Closing out the analysis of censorship are Dr. Elliott D. Cohen's unsettling revelations, "The Information War: How Government Is Seeking Total Information Awareness." Dr. Cohen points to a war waged for "the acquisition and control of the rich supply of information" . . . a "vigilant campaign by government, across borders, to ensure that no one has the franchise of knowledge except the highest echelons of national command and control." The war for privacy may not be lost, he tells us, but we'll need to fight for what remains. Recent disclosures about extensive FBI snooping into the personnel email of David Petraeus and Paula Broadwell surely underscore this point; yet this sinister development got lost beneath the titillating coverage of a sex scandal.
Moving to particular cases, readers also learn how de facto censorship occurs when alternative media outlets are run badly.
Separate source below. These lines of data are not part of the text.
(* Let $\varphi_0\in\mathbb{R}$ and let $v$ be a smooth function with $v(\varphi)>0$ and $v'(\varphi)>0$ for all $\varphi\ge\varphi_0$, and suppose that $v$ grows faster than $e^{2\varphi}$ as $\varphi\to\infty$, i.e. $v(\varphi)e^{-2\varphi}\to\infty$. Then every solution of $h'=\sqrt{h^2-v}$ with initial value $h(\varphi_0)=h_0>\sqrt{v(\varphi_0)}$ reaches the curve $h=\sqrt{v(\varphi)}$ at a finite value of $\varphi$ (i.e., all solutions are of type A), and consequently there is no separatrix.
   Context: A solution of $h'=\sqrt{h^2-v}$ in $R_0=\{(\varphi,h):\varphi\ge\varphi_0,\ h>\sqrt{v(\varphi)}\}$ is of type A if it leaves $R_0$ by reaching the lower boundary $h=\sqrt{v(\varphi)}$ at a finite $\varphi$, and of type B if it remains in $R_0$ for all $\varphi>\varphi_0$. A separatrix exists only if both types occur; it is then the solution whose initial value $h(\varphi_0)$ equals the common boundary value $r$ between the initial values of type-A solutions (below $r$) and type-B solutions (above $r$). *)

theory Defs
  imports "HOL-Analysis.Analysis"
begin

definition smooth_at_all :: "real set \<Rightarrow> (real \<Rightarrow> real) \<Rightarrow> bool" where
  "smooth_at_all S f \<longleftrightarrow>
     (\<exists>D :: nat \<Rightarrow> real \<Rightarrow> real. D 0 = f \<and>
        (\<forall>n. \<forall>x\<in>S. (D n has_real_derivative D (Suc n) x) (at x)))"

definition type_A :: "(real \<Rightarrow> real) \<Rightarrow> real \<Rightarrow> (real \<Rightarrow> real) \<Rightarrow> bool" where
  "type_A v \<phi>0 h \<longleftrightarrow>
     (\<exists>\<phi>1 > \<phi>0. continuous_on {\<phi>0..\<phi>1} h \<and> h \<phi>1 = sqrt (v \<phi>1) \<and>
        (\<forall>\<phi>\<in>{\<phi>0..<\<phi>1}. sqrt (v \<phi>) < h \<phi> \<and>
           (h has_real_derivative sqrt ((h \<phi>)\<^sup>2 - v \<phi>)) (at \<phi> within {\<phi>0..<\<phi>1})))"

definition type_B :: "(real \<Rightarrow> real) \<Rightarrow> real \<Rightarrow> (real \<Rightarrow> real) \<Rightarrow> bool" where
  "type_B v \<phi>0 h \<longleftrightarrow>
     (\<forall>\<phi>\<ge>\<phi>0. sqrt (v \<phi>) < h \<phi> \<and>
        (h has_real_derivative sqrt ((h \<phi>)\<^sup>2 - v \<phi>)) (at \<phi> within {\<phi>0..}))"

definition separatrix_exists :: "(real \<Rightarrow> real) \<Rightarrow> real \<Rightarrow> bool" where
  "separatrix_exists v \<phi>0 \<longleftrightarrow> (\<exists>h. type_A v \<phi>0 h) \<and> (\<exists>h. type_B v \<phi>0 h)"

end

(*
  Along a solution above sqrt v we have h' = sqrt (h^2 - v) <= h, so h grows at most like
  h(phi0) e^(phi - phi0). Since v e^(-2 phi) -> infinity, sqrt v eventually exceeds every such
  exponential, so no solution stays above sqrt v forever. The same bound drives the existence
  part: the truncated right-hand side sqrt (max (h^2 - v) 0) is nonnegative and nondecreasing in h,
  so Picard iteration from the constant h0 increases and stays below h0 e^(phi - phi0); the limit
  solves the truncated equation, must meet sqrt v, and up to its first meeting point it is a
  type-A solution.
*)
theory Submission
  imports Defs
begin

lemma le_exp_if_deriv_le_self:
  fixes h h' :: "real \<Rightarrow> real"
  assumes "c \<le> x"
    and deriv: "\<And>y. y \<in> {c..x} \<Longrightarrow> (h has_real_derivative h' y) (at y within {c..x})"
    and le_self: "\<And>y. y \<in> {c..x} \<Longrightarrow> h' y \<le> h y"
  shows "h x \<le> h c * exp (x - c)"
proof -
  define k where "k y = h y * exp (c - y)" for y
  have "\<exists>y\<in>{c..x}. k x - k c = (*) ((h' y - h y) * exp (c - y)) (x - c)"
  proof (rule mvt_very_simple[OF \<open>c \<le> x\<close>])
    fix y assume "c \<le> y" "y \<le> x"
    then have "(k has_real_derivative (h' y - h y) * exp (c - y)) (at y within {c..x})"
      unfolding k_def by (auto intro!: derivative_eq_intros deriv simp: algebra_simps)
    then show "(k has_derivative (*) ((h' y - h y) * exp (c - y))) (at y within {c..x})"
      by (simp only: has_field_derivative_def)
  qed
  then obtain y where y: "y \<in> {c..x}" and "k x - k c = (h' y - h y) * exp (c - y) * (x - c)"
    by blast
  moreover have "(h' y - h y) * exp (c - y) * (x - c) \<le> 0"
    using le_self[OF y] \<open>c \<le> x\<close> by (intro mult_nonpos_nonneg) auto
  ultimately have "k x \<le> k c"
    by simp
  then have "k x * exp (x - c) \<le> k c * exp (x - c)"
    by simp
  then show ?thesis
    by (simp add: k_def mult.assoc flip: exp_add)
qed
Especially engaging to listeners of independent, listener-sponsored Pacifica Radio are the disclosures by Andrew Leslie Phillips, the Acting Manager of KPFA in Berkeley, California. Phillips sketches an unfortunate history of attempts to make the Pacifica network into a more liberal National Public Radio, dulling its critical edge and ultimately threatening its existence. One result, he reveals, is an "unwieldy and expensive governance structure" at the network level characterized by cronyism among "political diehards with little radio experience who have not done much to improve programming, revenue, or audience membership" (pp. 262-63).
Ample Focus on Hugely Important Issues
One of most substantive of these is "The Global 1 Percent Ruling Class Exposed" by Dr. Peter Phillips and Kimberly Soeiro of Sonoma State University. This chapter doesn't talk about the 1% in the abstract, however;
it names names. In the mining industry, the lens focuses on the pin stripers who run Freeport McRan; in the investment sector, it probes the board of Blackrock, Inc. The reader sees the ruling class sitting on these interlocked boards of directors as its members "arrange for payments to government officials, undermine labor organizations, manipulate the price of commodities (e.g. gold), or engage in insider trading . . . ." (pp. 251-52).